企画書も、最初から綺麗にまとめようとして書くと、頭がロックされて、一歩目が出せなくなります。人は、書いていくうちに、何かを思いつくものなのです。

手を動かすことで、頭は回転する

 すぐやれない人は、手を動かすのが圧倒的に遅い人です。

 ある時、中谷塾で、地図記号や北朝鮮と韓国の国旗を描くというお題を出しました。

 正解にたどり着ける人は、「なんかこんなのだった」と、まず描き始めています。

 腕を組んでウーンと天井を見ている人は、正解にたどりつけません。

 これが始めるのが早い人と遅い人との差です。

 ケータイやパソコンの時代になって、手書きで文字や絵を書けない人がたくさん出てきました。

 こういう人はすぐやれないです。

 どんなにふだんからパソコンを使って文章を書いている人でも、やっぱり勝負はフリーハンドでどれだけ書けるかです。

 フリーハンドのスピード感が大切です。

 手で書けない人は、ポンポンとアイデアを生み出すことはできないのです。

 たしかにパソコンは便利な道具です。

 でもそれにばかり頼っていると、パソコンのないところでアイデアを出す習慣がなくなるのです。

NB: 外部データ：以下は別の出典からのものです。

text \<open>The inverse of \<open>\<alpha> = \<epsilon> - \<mu>\<close> is the Neumann series \<open>\<Sum>n. \<mu>\<^sup>\<star>\<^sup>n\<close>,
  a finite sum at every point.\<close>

lemma conv_inverse_exists:
  assumes "linear \<alpha>" "\<alpha> 1 = 1"
  shows "\<exists>\<beta>. linear \<beta> \<and> conv \<Delta> \<alpha> \<beta> = \<epsilon> \<and> conv \<Delta> \<beta> \<alpha> = \<epsilon>"
proof -
  define \<mu> where "\<mu> = \<epsilon> - \<alpha>"
  have \<mu>: "linear \<mu>" "\<mu> 1 = 0"
    using assms counit_linear counit_unit by (simp_all add: \<mu>_def fun_diff_def linear_compose_sub)
  have \<alpha>_eq: "\<alpha> = \<epsilon> - \<mu>"
    by (simp add: \<mu>_def)
  let ?P = "conv_pow \<Delta> \<epsilon> \<mu>"
  define \<beta> where "\<beta> x = (\<Sum>n. ?P n x)" for x
  have "conv \<Delta> \<alpha> \<beta> = \<epsilon>"
  proof
    fix x
    have "(\<lambda>n. conv \<Delta> \<alpha> (?P n) x) sums conv \<Delta> \<alpha> \<beta> x"
      unfolding \<beta>_def by (rule conv_sums_right) (rule conv_pow_sums[OF \<mu>])
    moreover have "conv \<Delta> \<alpha> (?P n) x = ?P n x - ?P (Suc n) x" for n
      by (simp add: \<alpha>_eq conv_diff_left conv_counit_left conv_pow_linear \<mu>)
    ultimately show "conv \<Delta> \<alpha> \<beta> x = \<epsilon> x"
      using sums_unique2[OF conv_pow_telescope[OF \<mu>]] by (simp del: conv_pow_Suc)
  qed
  moreover have "conv \<Delta> \<beta> \<alpha> = \<epsilon>"
  proof
    fix x
    have "(\<lambda>n. conv \<Delta> (?P n) \<alpha> x) sums conv \<Delta> \<beta> \<alpha> x"
      unfolding \<beta>_def by (rule conv_sums_left) (rule conv_pow_sums[OF \<mu>])
    moreover have "conv \<Delta> (?P n) \<alpha> x = ?P n x - ?P (Suc n) x" for n
      by (simp add: \<alpha>_eq conv_diff_right conv_counit_right conv_pow_linear conv_pow_Suc_right \<mu>
          del: conv_pow_Suc)
    ultimately show "conv \<Delta> \<beta> \<alpha> x = \<epsilon> x"
      using sums_unique2[OF conv_pow_telescope[OF \<mu>]] by (simp del: conv_pow_Suc)
  qed
  moreover have "linear \<beta>"
    unfolding \<beta>_def using conv_pow_suminf_linear[OF \<mu>] by simp
  ultimately show ?thesis by blast
qed

lemma conv_inv:
  assumes "linear \<alpha>" "\<alpha> 1 = 1"
  shows "linear (conv_inv \<Delta> \<epsilon> \<alpha>)" "conv \<Delta> \<alpha> (conv_inv \<Delta> \<epsilon> \<alpha>) = \<epsilon>"
    "conv \<Delta> (conv_inv \<Delta> \<epsilon> \<alpha>) \<alpha> = \<epsilon>"
proof -
  obtain \<beta> where \<beta>: "linear \<beta>" "conv \<Delta> \<alpha> \<beta> = \<epsilon>" "conv \<Delta> \<beta> \<alpha> = \<epsilon>"
    using conv_inverse_exists[OF assms] by blast
  have "\<gamma> = \<beta>" if "linear \<gamma>" "conv \<Delta> \<gamma> \<alpha> = \<epsilon>" for \<gamma>
  proof -
    have "\<gamma> = conv \<Delta> \<gamma> (conv \<Delta> \<alpha> \<beta>)"
      using that(1) \<beta>(2) by (simp add: conv_counit_right)
    also have "\<dots> = conv \<Delta> (conv \<Delta> \<gamma> \<alpha>) \<beta>"
      using conv_assoc that(1) assms(1) \<beta>(1) by simp
    also have "\<dots> = \<beta>"
      using that(2) \<beta>(1) by (simp add: conv_counit_left)
    finally show ?thesis .
  qed
  then have "conv_inv \<Delta> \<epsilon> \<alpha> = \<beta>"
    unfolding conv_inv_def by (rule the_equality[rotated]) (use \<beta> in auto)
  then show "linear (conv_inv \<Delta> \<epsilon> \<alpha>)" "conv \<Delta> \<alpha> (conv_inv \<Delta> \<epsilon> \<alpha>) = \<epsilon>"
    "conv \<Delta> (conv_inv \<Delta> \<epsilon> \<alpha>) \<alpha> = \<epsilon>"
    using \<beta> by simp_all
qed

lemma idempotent_eq_counit:
  assumes "linear \<alpha>" "\<alpha> 1 = 1" "conv \<Delta> \<alpha> \<alpha> = \<alpha>"
  shows "\<alpha> = \<epsilon>"
proof -
  let ?\<beta> = "conv_inv \<Delta> \<epsilon> \<alpha>"
  have "\<epsilon> = conv \<Delta> (conv \<Delta> \<alpha> \<alpha>) ?\<beta>"
    by (simp only: assms(3) conv_inv(2)[OF assms(1,2)])
  also have "\<dots> = conv \<Delta> \<alpha> (conv \<Delta> \<alpha> ?\<beta>)"
    by (rule conv_assoc[OF assms(1) assms(1) conv_inv(1)[OF assms(1,2)]])
  also have "\<dots> = \<alpha>"
    by (simp only: conv_inv(2)[OF assms(1,2)] conv_counit_right[OF assms(1)])
  finally show ?thesis by (rule sym)
qed

lemma conv_inv_chain:
  assumes "linear \<alpha>" "\<alpha> 1 = 1" "linear \<beta>" "\<beta> 1 = 1" "linear \<gamma>"
  shows "conv \<Delta> (conv \<Delta> (conv_inv \<Delta> \<epsilon> \<alpha>) \<beta>) (conv \<Delta> (conv_inv \<Delta> \<epsilon> \<beta>) \<gamma>)
           = conv \<Delta> (conv_inv \<Delta> \<epsilon> \<alpha>) \<gamma>"
proof -
  have inv_\<alpha>: "linear (conv_inv \<Delta> \<epsilon> \<alpha>)" and inv_\<beta>: "linear (conv_inv \<Delta> \<epsilon> \<beta>)"
    using assms conv_inv(1) by blast+
  have "conv \<Delta> \<beta> (conv \<Delta> (conv_inv \<Delta> \<epsilon> \<beta>) \<gamma>) = conv \<Delta> (conv \<Delta> \<beta> (conv_inv \<Delta> \<epsilon> \<beta>)) \<gamma>"
    by (rule conv_assoc[OF assms(3) inv_\<beta> assms(5), symmetric])
  also have "\<dots> = \<gamma>"
    using assms(3-5) by (simp add: conv_inv(2) conv_counit_left)
  finally have \<beta>_cancel: "conv \<Delta> \<beta> (conv \<Delta> (conv_inv \<Delta> \<epsilon> \<beta>) \<gamma>) = \<gamma>" .
  show ?thesis
    using conv_assoc[OF inv_\<alpha> assms(3) conv_linear[OF inv_\<beta> assms(5)]] \<beta>_cancel by simp
qed

end

section \<open>The linear Cartan equation\<close>

locale conv_ode = hopf \<Delta> \<epsilon> Hg
  for \<Delta> :: "'h::{comm_ring_1, real_algebra_1} \<Rightarrow> ('h \<times> 'h) list" and \<epsilon> Hg +
  fixes S :: "real set" and \<eta> :: "real \<Rightarrow> 'h \<Rightarrow> real"
  assumes convex_domain: "convex S"
    and generator_linear: "t \<in> S \<Longrightarrow> linear (\<eta> t)"
    and generator_unit: "t \<in> S \<Longrightarrow> \<eta> t 1 = 0"
begin

definition solution :: "(real \<Rightarrow> 'h \<Rightarrow> real) \<Rightarrow> bool" where
  "solution \<gamma> \<longleftrightarrow> (\<forall>t\<in>S. linear (\<gamma> t)) \<and>
     (\<forall>t\<in>S. \<forall>x. ((\<lambda>u. \<gamma> u x) has_real_derivative conv \<Delta> (\<gamma> t) (\<eta> t) x) (at t within S))"

text \<open>On \<open>H\<^sub>m\<close> the equation \<open>D' = D \<star> \<eta>\<close> only involves \<open>D\<close> on lower degrees, because \<open>\<eta>\<close>
  kills \<open>H\<^sub>0\<close>.\<close>

lemma solution_vanishes_on_degree:
  assumes D: "solution D" and "s \<in> S" "D s = 0" and "y \<in> Hg m"
  shows "\<forall>u\<in>S. D u y = 0"
  using \<open>y \<in> Hg m\<close>
proof (induction m arbitrary: y rule: less_induct)
  case (less m)
  have "conv \<Delta> (D u) (\<eta> u) y = 0" if u: "u \<in> S" for u
  proof (rule conv_vanishes_homogeneous[OF _ generator_linear[OF u] less.prems])
    show "linear (D u)"
      using D u by (simp add: solution_def)
    fix i j a b
    assume "i + j = m" "a \<in> Hg i" "b \<in> Hg j"
    show "D u a * \<eta> u b = 0"
    proof (cases "j = 0")
      case True
      with \<open>b \<in> Hg j\<close> have "\<eta> u b = 0"
        using degree_zero_vanishes[OF generator_linear[OF u] generator_unit[OF u]] by simp
      then show ?thesis by simp
    next
      case False
      with \<open>i + j = m\<close> have "i < m" by simp
      with less.IH \<open>a \<in> Hg i\<close> u show ?thesis by simp
    qed
  qed
  moreover have "((\<lambda>u. D u y) has_real_derivative conv \<Delta> (D u) (\<eta> u) y) (at u within S)"
    if "u \<in> S" for u
    using D that by (simp add: solution_def)
  ultimately have "((\<lambda>u. D u y) has_real_derivative 0) (at u within S)" if "u \<in> S" for u
    using that by simp
  then obtain c where "\<forall>u\<in>S. D u y = c"
    using has_field_derivative_zero_constant[OF convex_domain, of "\<lambda>u. D u y"] by blast
  with \<open>s \<in> S\<close> \<open>D s = 0\<close> show ?case by auto
qed

lemma solution_vanishes:
  assumes D: "solution D" and "s \<in> S" "D s = 0" "t \<in> S"
  shows "D t = 0"
proof -
  have "linear (D t)"
    using D \<open>t \<in> S\<close> by (simp add: solution_def)
  then have "D t x = 0" for x
    by (rule linear_vanishes_by_grading) (use solution_vanishes_on_degree[OF D] assms(2-4) in blast)
  then show "D t = 0"
    by (simp add: fun_eq_iff)
qed

lemma solution_unique:
  assumes A: "solution A" and B: "solution B" and "s \<in> S" "A s = B s" "t \<in> S"
  shows "A t = B t"
proof -
  have "solution (\<lambda>u. A u - B u)"
    unfolding solution_def
  proof (intro conjI ballI allI)
    fix u x
    assume u: "u \<in> S"
    then show "linear (A u - B u)"
      using A B by (simp add: solution_def fun_diff_def linear_compose_sub)
    have "((\<lambda>u. A u x - B u x) has_real_derivative
            conv \<Delta> (A u) (\<eta> u) x - conv \<Delta> (B u) (\<eta> u) x) (at u within S)"
      using A B u by (intro DERIV_diff) (simp_all add: solution_def)
    then show "((\<lambda>u. (A u - B u) x) has_real_derivative conv \<Delta> (A u - B u) (\<eta> u) x) (at u within S)"
      by (simp add: conv_diff_left)
  qed
  then have "A t - B t = 0"
    using solution_vanishes[of "\<lambda>u. A u - B u" s t] assms(3-5) by simp
  then show ?thesis by simp
qed

lemma solution_conv_left:
  assumes \<gamma>: "solution \<gamma>" and "linear \<alpha>"
  shows "solution (\<lambda>t. conv \<Delta> \<alpha> (\<gamma> t))"
  unfolding solution_def
proof (intro conjI ballI allI)
  fix t x
  assume t: "t \<in> S"
  then show "linear (conv \<Delta> \<alpha> (\<gamma> t))"
    using \<gamma> \<open>linear \<alpha>\<close> by (simp add: solution_def conv_linear)
  have "((\<lambda>u. conv \<Delta> \<alpha> (\<gamma> u) x) has_real_derivative conv \<Delta> \<alpha> (conv \<Delta> (\<gamma> t) (\<eta> t)) x)
          (at t within S)"
    using \<gamma> t by (intro conv_has_derivative_right) (simp add: solution_def)
  then show "((\<lambda>u. conv \<Delta> \<alpha> (\<gamma> u) x) has_real_derivative conv \<Delta> (conv \<Delta> \<alpha> (\<gamma> t)) (\<eta> t) x)
               (at t within S)"
    using \<gamma> t \<open>linear \<alpha>\<close> generator_linear[OF t] by (simp add: solution_def conv_assoc)
qed

lemma solution_unit_constant:
  assumes \<gamma>: "solution \<gamma>" and "s \<in> S" "t \<in> S"
  shows "\<gamma> t 1 = \<gamma> s 1"
proof -
  have "((\<lambda>u. \<gamma> u 1) has_real_derivative 0) (at u within S)" if u: "u \<in> S" for u
  proof -
    have "((\<lambda>u. \<gamma> u 1) has_real_derivative conv \<Delta> (\<gamma> u) (\<eta> u) 1) (at u within S)"
      using \<gamma> u by (simp add: solution_def)
    moreover have "conv \<Delta> (\<gamma> u) (\<eta> u) 1 = 0"
      using \<gamma> u generator_linear[OF u] generator_unit[OF u] by (simp add: solution_def conv_at_unit)
    ultimately show ?thesis by simp
  qed
  then obtain c where "\<forall>u\<in>S. \<gamma> u 1 = c"
    using has_field_derivative_zero_constant[OF convex_domain, of "\<lambda>u. \<gamma> u 1"] by blast
  with assms(2,3) show ?thesis by simp
qed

 わからないなりに、手で書いていく作業をすることが大切です。

 私は昔、TVコマーシャルのコンテを手で描いていました。

 コンテを描く時は、アイデアを思いついてから清書するということは、ありえません。

 最初はとりあえず、マスを5つ描きます。

 最後のカットはロゴです。

 そして、書けるところを埋めていくのです。

 思いついてから書くのではありません。

 まず、紙に落書きを始めるのです。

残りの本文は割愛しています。